• [WHAT YOU ARE ASKED TO DO] Out of the entries that follow, copy each line containing "diagonal".

• [DATA UNDER STUDY]
++++++++++++++++++++

(* For $\beta>1$, the sharp $\mathscr{S}^*_{\wp,n}$-radius of $\mathcal{M}_n(\beta)$ is $(2e(\beta-1)+1)^{-1/n}$.
   Context: $\mathbb{D}$ is the unit disk. For $n\ge1$, $\mathcal{A}_n$ is the class of analytic $f$ on $\mathbb{D}$ of the form $f(z)=z+\sum_{k\ge n+1}b_kz^k$, $\mathcal{A}=\mathcal{A}_1$. $f\prec g$ means $f=g\circ\omega$ for analytic $\omega:\mathbb{D}\to\mathbb{D}$, $\omega(0)=0$. $\wp(z)=1+ze^z$, $\mathscr{S}^*_\wp=\{f\in\mathcal{A}:zf'/f\prec\wp\}$, $\mathscr{S}^*_{\wp,n}=\mathcal{A}_n\cap\mathscr{S}^*_\wp$. $\mathcal{M}_n(\beta)=\{f\in\mathcal{A}_n:\operatorname{Re}(zf'(z)/f(z))<\beta\}$. For classes $G_1,G_2$, $R_{G_1}(G_2)$ is the largest $r_0\in(0,1]$ such that $r^{-1}f(rz)\in G_1$ for all $0<r\le r_0$ and all $f\in G_2$; "sharp" means it cannot be increased. *)

theory Defs
  imports "HOL-Analysis.Analysis"
begin

abbreviation unit_disk :: "complex set" where
  "unit_disk \<equiv> ball 0 1"

text \<open>The class A_n: analytic f on the unit disk with f(z) = z + sum_{k>=n+1} b_k z^k,
  i.e. f(0)=0, f'(0)=1 and the Taylor coefficients of order 2..n vanish.\<close>
definition class_A :: "nat \<Rightarrow> (complex \<Rightarrow> complex) set" where
  "class_A n = {f. f holomorphic_on unit_disk \<and> f 0 = 0 \<and> deriv f 0 = 1 \<and>
      (\<forall>k. 2 \<le> k \<and> k \<le> n \<longrightarrow> (deriv ^^ k) f 0 = 0)}"
text \<open>Characters of \<open>A\<close> are bounded by the sup norm, so the Gelfand dual is a closed subset
  of a product of discs and hence compact, and so is its square. A point of the square off the
  diagonal of the boundary \<open>Y\<close> is separated either by some \<open>f \<in> A\<close> or, on the diagonal, by
  some \<open>g\<close> vanishing at infinity; the Higson property of \<open>f\<close>, resp. the decay of \<open>g\<close>, keeps the
  pairs \<open>(p x, p x')\<close> of \<open>W\<close>-close points outside a bounded set away from a neighbourhood of it.
  By compactness finitely many bounded sets suffice, so these pairs eventually lie in every
  neighbourhood of the diagonal of \<open>Y\<close>, in particular in the preimage under \<open>r \<times> r\<close> of one.
  Together with \<open>s\<close> being proper, bornological and controlled this makes \<open>\<psi>\<close> a morphism
  into the cone.\<close>

lemma closed_unital_subalgebraD:
  assumes "closed_unital_subalgebra A"
  shows closed_unital_subalgebra_one: "(\<lambda>_. 1) \<in> A"
    and closed_unital_subalgebra_add: "f \<in> A \<Longrightarrow> g \<in> A \<Longrightarrow> (\<lambda>x. f x + g x) \<in> A"
    and closed_unital_subalgebra_mult: "f \<in> A \<Longrightarrow> g \<in> A \<Longrightarrow> (\<lambda>x. f x * g x) \<in> A"
    and closed_unital_subalgebra_scaleC: "f \<in> A \<Longrightarrow> (\<lambda>x. c * f x) \<in> A"
    and closed_unital_subalgebra_uniform_limit:
      "(\<And>\<epsilon>. \<epsilon> > 0 \<Longrightarrow> \<exists>g\<in>A. \<forall>x. cmod (f x - g x) \<le> \<epsilon>) \<Longrightarrow> f \<in> A"
  using assms unfolding closed_unital_subalgebra_def by blast+

lemma closed_unital_subalgebra_const:
  assumes "closed_unital_subalgebra A" shows "(\<lambda>_. c) \<in> A"
  using closed_unital_subalgebra_scaleC[OF assms closed_unital_subalgebra_one[OF assms], of c]
  by simp

lemma closed_unital_subalgebra_diff:
  assumes "closed_unital_subalgebra A" "f \<in> A" "g \<in> A"
  shows "(\<lambda>x. f x - g x) \<in> A"
  using closed_unital_subalgebra_add[OF assms(1,2) closed_unital_subalgebra_scaleC[OF assms(1,3)],
      of "- 1"]
  by simp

++++++++++++++++++++

• [ANSWER BOX]
  diagonal of the boundary \<open>Y\<close> is separated either by some \<open>f \<in> A\<close> or, on the diagonal, by
  neighbourhood of the diagonal of \<open>Y\<close>, in particular in the preimage under \<open>r \<times> r\<close> of one.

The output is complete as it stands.